How to complete this task:
Each record below should be written out again exactly.

════════════════

(* Let $a,b,c\geq 1$ be integers, put $v=a+b+c+1$ and $L=\{1^a,2^b,4^c\}$, and suppose $4\leq\lfloor v/2\rfloor$. Then there exists a Hamiltonian path $H$ of $K_v$ with $\ell(H)=L$ if and only if for every divisor $d$ of $v$, the number of elements of $L$ (with multiplicity) that are multiples of $d$ does not exceed $v-d$.
   Context: $K_v$ is the complete graph on $\{0,1,\dots,v-1\}$. The length of an edge $[x,y]$ is $\ell(x,y)=\min(|x-y|,\,v-|x-y|)$, and for a subgraph $\Gamma$, $\ell(\Gamma)$ is the multiset of lengths of its edges. $\{1^a,2^b,4^c\}$ is the multiset with $a$ copies of $1$, $b$ copies of $2$, $c$ copies of $4$. (The paper phrases this as "$\mathrm{BHR}(\{1^a,2^b,4^c\})$ holds".) *)

theory Defs
  imports Main "HOL-Library.Multiset"
begin

definition edge_len :: "nat \<Rightarrow> nat \<Rightarrow> nat \<Rightarrow> nat" where
  "edge_len v x y = min (if x \<le> y then y - x else x - y) (v - (if x \<le> y then y - x else x - y))"

definition ham_path :: "nat \<Rightarrow> nat list \<Rightarrow> bool" where
  "ham_path v p \<longleftrightarrow> distinct p \<and> set p = {0..<v}"

definition path_lengths :: "nat \<Rightarrow> nat list \<Rightarrow> nat multiset" where
  "path_lengths v p = mset (map (\<lambda>(x, y). edge_len v x y) (zip p (tl p)))"

definition L124 :: "nat \<Rightarrow> nat \<Rightarrow> nat \<Rightarrow> nat multiset" where
  "L124 a b c = replicate_mset a 1 + replicate_mset b 2 + replicate_mset c 4"

end

theory Submission
  imports Defs
begin

text \<open>Necessity is the general divisor condition. If \<open>d\<close> divides \<open>v\<close>, an edge whose length is a
  multiple of \<open>d\<close> joins two vertices in the same residue class mod \<open>d\<close>; a Hamiltonian path meets
  all \<open>d\<close> classes, so at least \<open>d - 1\<close> of its \<open>v - 1\<close> edges have length not divisible by \<open>d\<close>.
  For \<open>{1^a, 2^b, 4^c}\<close> the only nontrivial instance is \<open>d = 4\<close>: if \<open>4\<close> divides \<open>v\<close> then
  \<open>a + b \<ge> 3\<close>.

  Sufficiency is by construction. Running through the four residue classes mod 4 one after
  another, each traversed as a progression of step 4 forwards or backwards, gives a Hamiltonian
  path all of whose edges have length 4 except the three junctions between classes. A suitable
  order and orientation of the classes makes the junctions \<open>{1, 2, 2}\<close> or \<open>{1, 1, 2}\<close> for the
  ordinary distance, and \<open>{1, 2, 4}\<close> for the cyclic one when \<open>4\<close> does not divide \<open>v\<close>. A further
  edge of length 1 is obtained by shifting a path that starts at 0 up by one and prepending 0;
  doing the same to the reversal of a path from 0 to 1 adds an edge of length 2 instead. Since all lengths are at most \<open>4 \<le> v/2\<close>, ordinary and cyclic lengths agree.\<close>

section \<open>Ordinary and cyclic edge lengths\<close>

definition absdiff :: "nat \<Rightarrow> nat \<Rightarrow> nat" where
  "absdiff x y = (if x \<le> y then y - x else x - y)"

lemma absdiff_commute: "absdiff x y = absdiff y x"
  by (simp add: absdiff_def)

lemma absdiff_add_right [simp]: "absdiff x (x + k) = k"
  by (simp add: absdiff_def)

lemma absdiff_Suc_Suc [simp]: "absdiff (Suc x) (Suc y) = absdiff x y"
  by (simp add: absdiff_def)

lemma edge_len_absdiff: "edge_len v x y = min (absdiff x y) (v - absdiff x y)"
  by (simp add: edge_len_def absdiff_def)

lemma edge_len_add_right: "2 * k \<le> v \<Longrightarrow> edge_len v x (x + k) = k"
  by (simp add: edge_len_absdiff)

lemma edge_len_commute: "edge_len v x y = edge_len v y x"
  by (simp add: edge_len_absdiff absdiff_commute)

lemma edge_len_eq_absdiff: "2 * absdiff x y \<le> v \<Longrightarrow> edge_len v x y = absdiff x y"
  by (simp add: edge_len_absdiff)

lemma filter_mset_replicate_mset:
  "filter_mset P (replicate_mset n x) = (if P x then replicate_mset n x else {#})"
  by (induction n) auto

definition step_lengths :: "('a \<Rightarrow> 'a \<Rightarrow> nat) \<Rightarrow> 'a list \<Rightarrow> nat multiset" where
  "step_lengths f P = mset (map (\<lambda>(x, y). f x y) (zip P (tl P)))"

lemma step_lengths_Nil [simp]: "step_lengths f [] = {#}"
  and step_lengths_singleton [simp]: "step_lengths f [x] = {#}"
  and step_lengths_Cons_Cons [simp]: "step_lengths f (x # y # P) = add_mset (f x y) (step_lengths f (y # P))"
  by (simp_all add: step_lengths_def)

lemma step_lengths_Cons: "P \<noteq> [] \<Longrightarrow> step_lengths f (x # P) = add_mset (f x (hd P)) (step_lengths f P)"
  by (cases P) simp_all

lemma step_lengths_append:
  "P \<noteq> [] \<Longrightarrow> Q \<noteq> [] \<Longrightarrow>
   step_lengths f (P @ Q) = step_lengths f P + step_lengths f Q + {#f (last P) (hd Q)#}"
  by (induction P rule: induct_list012) (simp_all add: step_lengths_Cons)

lemma step_lengths_rev:
  assumes "\<And>x y. f x y = f y x"
  shows "step_lengths f (rev P) = step_lengths f P"
proof (induction P rule: induct_list012)
  case (3 x y P)
  have "step_lengths f (rev (x # y # P)) = step_lengths f (rev (y # P) @ [x])" by simp
  also have "\<dots> = add_mset (f x y) (step_lengths f (y # P))"
    using "3.IH"(2) assms by (simp add: step_lengths_append last_rev del: rev.simps)
  finally show ?case by simp
qed simp_all

lemma step_lengths_map_Suc: "step_lengths absdiff (map Suc P) = step_lengths absdiff P"
  by (induction P rule: induct_list012) simp_all

lemma size_filter_step_lengths:
  "size (filter_mset Q (step_lengths f P)) = length (filter (\<lambda>(x, y). Q (f x y)) (zip P (tl P)))"
  by (simp add: step_lengths_def filter_mset_image_mset split_def flip: mset_filter)

lemma path_lengths_eq_step_lengths: "path_lengths v P = step_lengths (edge_len v) P"
  by (simp add: path_lengths_def step_lengths_def)

lemma path_lengths_eq_step_lengths_absdiff:
  assumes "\<And>l. l \<in># step_lengths absdiff P \<Longrightarrow> 2 * l \<le> v"
  shows "path_lengths v P = step_lengths absdiff P"
  unfolding path_lengths_def step_lengths_def
proof (intro arg_cong[where f = mset] map_cong refl, clarify)
  fix x y assume "(x, y) \<in> set (zip P (tl P))"
  then have "absdiff x y \<in># step_lengths absdiff P" by (force simp: step_lengths_def)
  then show "edge_len v x y = absdiff x y" using assms edge_len_eq_absdiff by blast
qed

════════════════

Result of this task:
(* Let $a,b,c\geq 1$ be integers, put $v=a+b+c+1$ and $L=\{1^a,2^b,4^c\}$, and suppose $4\leq\lfloor v/2\rfloor$. Then there exists a Hamiltonian path $H$ of $K_v$ with $\ell(H)=L$ if and only if for every divisor $d$ of $v$, the number of elements of $L$ (with multiplicity) that are multiples of $d$ does not exceed $v-d$.
   Context: $K_v$ is the complete graph on $\{0,1,\dots,v-1\}$. The length of an edge $[x,y]$ is $\ell(x,y)=\min(|x-y|,\,v-|x-y|)$, and for a subgraph $\Gamma$, $\ell(\Gamma)$ is the multiset of lengths of its edges. $\{1^a,2^b,4^c\}$ is the multiset with $a$ copies of $1$, $b$ copies of $2$, $c$ copies of $4$. (The paper phrases this as "$\mathrm{BHR}(\{1^a,2^b,4^c\})$ holds".) *)

theory Defs
  imports Main "HOL-Library.Multiset"
begin

definition edge_len :: "nat \<Rightarrow> nat \<Rightarrow> nat \<Rightarrow> nat" where
  "edge_len v x y = min (if x \<le> y then y - x else x - y) (v - (if x \<le> y then y - x else x - y))"

definition ham_path :: "nat \<Rightarrow> nat list \<Rightarrow> bool" where
  "ham_path v p \<longleftrightarrow> distinct p \<and> set p = {0..<v}"

definition path_lengths :: "nat \<Rightarrow> nat list \<Rightarrow> nat multiset" where
  "path_lengths v p = mset (map (\<lambda>(x, y). edge_len v x y) (zip p (tl p)))"

definition L124 :: "nat \<Rightarrow> nat \<Rightarrow> nat \<Rightarrow> nat multiset" where
  "L124 a b c = replicate_mset a 1 + replicate_mset b 2 + replicate_mset c 4"

end

theory Submission
  imports Defs
begin

text \<open>Necessity is the general divisor condition. If \<open>d\<close> divides \<open>v\<close>, an edge whose length is a
  multiple of \<open>d\<close> joins two vertices in the same residue class mod \<open>d\<close>; a Hamiltonian path meets
  all \<open>d\<close> classes, so at least \<open>d - 1\<close> of its \<open>v - 1\<close> edges have length not divisible by \<open>d\<close>.
  For \<open>{1^a, 2^b, 4^c}\<close> the only nontrivial instance is \<open>d = 4\<close>: if \<open>4\<close> divides \<open>v\<close> then
  \<open>a + b \<ge> 3\<close>.

  Sufficiency is by construction. Running through the four residue classes mod 4 one after
  another, each traversed as a progression of step 4 forwards or backwards, gives a Hamiltonian
  path all of whose edges have length 4 except the three junctions between classes. A suitable
  order and orientation of the classes makes the junctions \<open>{1, 2, 2}\<close> or \<open>{1, 1, 2}\<close> for the
  ordinary distance, and \<open>{1, 2, 4}\<close> for the cyclic one when \<open>4\<close> does not divide \<open>v\<close>. A further
  edge of length 1 is obtained by shifting a path that starts at 0 up by one and prepending 0;
  doing the same to the reversal of a path from 0 to 1 adds an edge of length 2 instead. Since all lengths are at most \<open>4 \<le> v/2\<close>, ordinary and cyclic lengths agree.\<close>

section \<open>Ordinary and cyclic edge lengths\<close>

definition absdiff :: "nat \<Rightarrow> nat \<Rightarrow> nat" where
  "absdiff x y = (if x \<le> y then y - x else x - y)"

lemma absdiff_commute: "absdiff x y = absdiff y x"
  by (simp add: absdiff_def)

lemma absdiff_add_right [simp]: "absdiff x (x + k) = k"
  by (simp add: absdiff_def)

lemma absdiff_Suc_Suc [simp]: "absdiff (Suc x) (Suc y) = absdiff x y"
  by (simp add: absdiff_def)

lemma edge_len_absdiff: "edge_len v x y = min (absdiff x y) (v - absdiff x y)"
  by (simp add: edge_len_def absdiff_def)

lemma edge_len_add_right: "2 * k \<le> v \<Longrightarrow> edge_len v x (x + k) = k"
  by (simp add: edge_len_absdiff)

lemma edge_len_commute: "edge_len v x y = edge_len v y x"
  by (simp add: edge_len_absdiff absdiff_commute)

lemma edge_len_eq_absdiff: "2 * absdiff x y \<le> v \<Longrightarrow> edge_len v x y = absdiff x y"
  by (simp add: edge_len_absdiff)

lemma filter_mset_replicate_mset:
  "filter_mset P (replicate_mset n x) = (if P x then replicate_mset n x else {#})"
  by (induction n) auto

definition step_lengths :: "('a \<Rightarrow> 'a \<Rightarrow> nat) \<Rightarrow> 'a list \<Rightarrow> nat multiset" where
  "step_lengths f P = mset (map (\<lambda>(x, y). f x y) (zip P (tl P)))"

lemma step_lengths_Nil [simp]: "step_lengths f [] = {#}"
  and step_lengths_singleton [simp]: "step_lengths f [x] = {#}"
  and step_lengths_Cons_Cons [simp]: "step_lengths f (x # y # P) = add_mset (f x y) (step_lengths f (y # P))"
  by (simp_all add: step_lengths_def)

lemma step_lengths_Cons: "P \<noteq> [] \<Longrightarrow> step_lengths f (x # P) = add_mset (f x (hd P)) (step_lengths f P)"
  by (cases P) simp_all

lemma step_lengths_append:
  "P \<noteq> [] \<Longrightarrow> Q \<noteq> [] \<Longrightarrow>
   step_lengths f (P @ Q) = step_lengths f P + step_lengths f Q + {#f (last P) (hd Q)#}"
  by (induction P rule: induct_list012) (simp_all add: step_lengths_Cons)

lemma step_lengths_rev:
  assumes "\<And>x y. f x y = f y x"
  shows "step_lengths f (rev P) = step_lengths f P"
proof (induction P rule: induct_list012)
  case (3 x y P)
  have "step_lengths f (rev (x # y # P)) = step_lengths f (rev (y # P) @ [x])" by simp
  also have "\<dots> = add_mset (f x y) (step_lengths f (y # P))"
    using "3.IH"(2) assms by (simp add: step_lengths_append last_rev del: rev.simps)
  finally show ?case by simp
qed simp_all

lemma step_lengths_map_Suc: "step_lengths absdiff (map Suc P) = step_lengths absdiff P"
  by (induction P rule: induct_list012) simp_all

lemma size_filter_step_lengths:
  "size (filter_mset Q (step_lengths f P)) = length (filter (\<lambda>(x, y). Q (f x y)) (zip P (tl P)))"
  by (simp add: step_lengths_def filter_mset_image_mset split_def flip: mset_filter)

lemma path_lengths_eq_step_lengths: "path_lengths v P = step_lengths (edge_len v) P"
  by (simp add: path_lengths_def step_lengths_def)

lemma path_lengths_eq_step_lengths_absdiff:
  assumes "\<And>l. l \<in># step_lengths absdiff P \<Longrightarrow> 2 * l \<le> v"
  shows "path_lengths v P = step_lengths absdiff P"
  unfolding path_lengths_def step_lengths_def
proof (intro arg_cong[where f = mset] map_cong refl, clarify)
  fix x y assume "(x, y) \<in> set (zip P (tl P))"
  then have "absdiff x y \<in># step_lengths absdiff P" by (force simp: step_lengths_def)
  then show "edge_len v x y = absdiff x y" using assms edge_len_eq_absdiff by blast
qed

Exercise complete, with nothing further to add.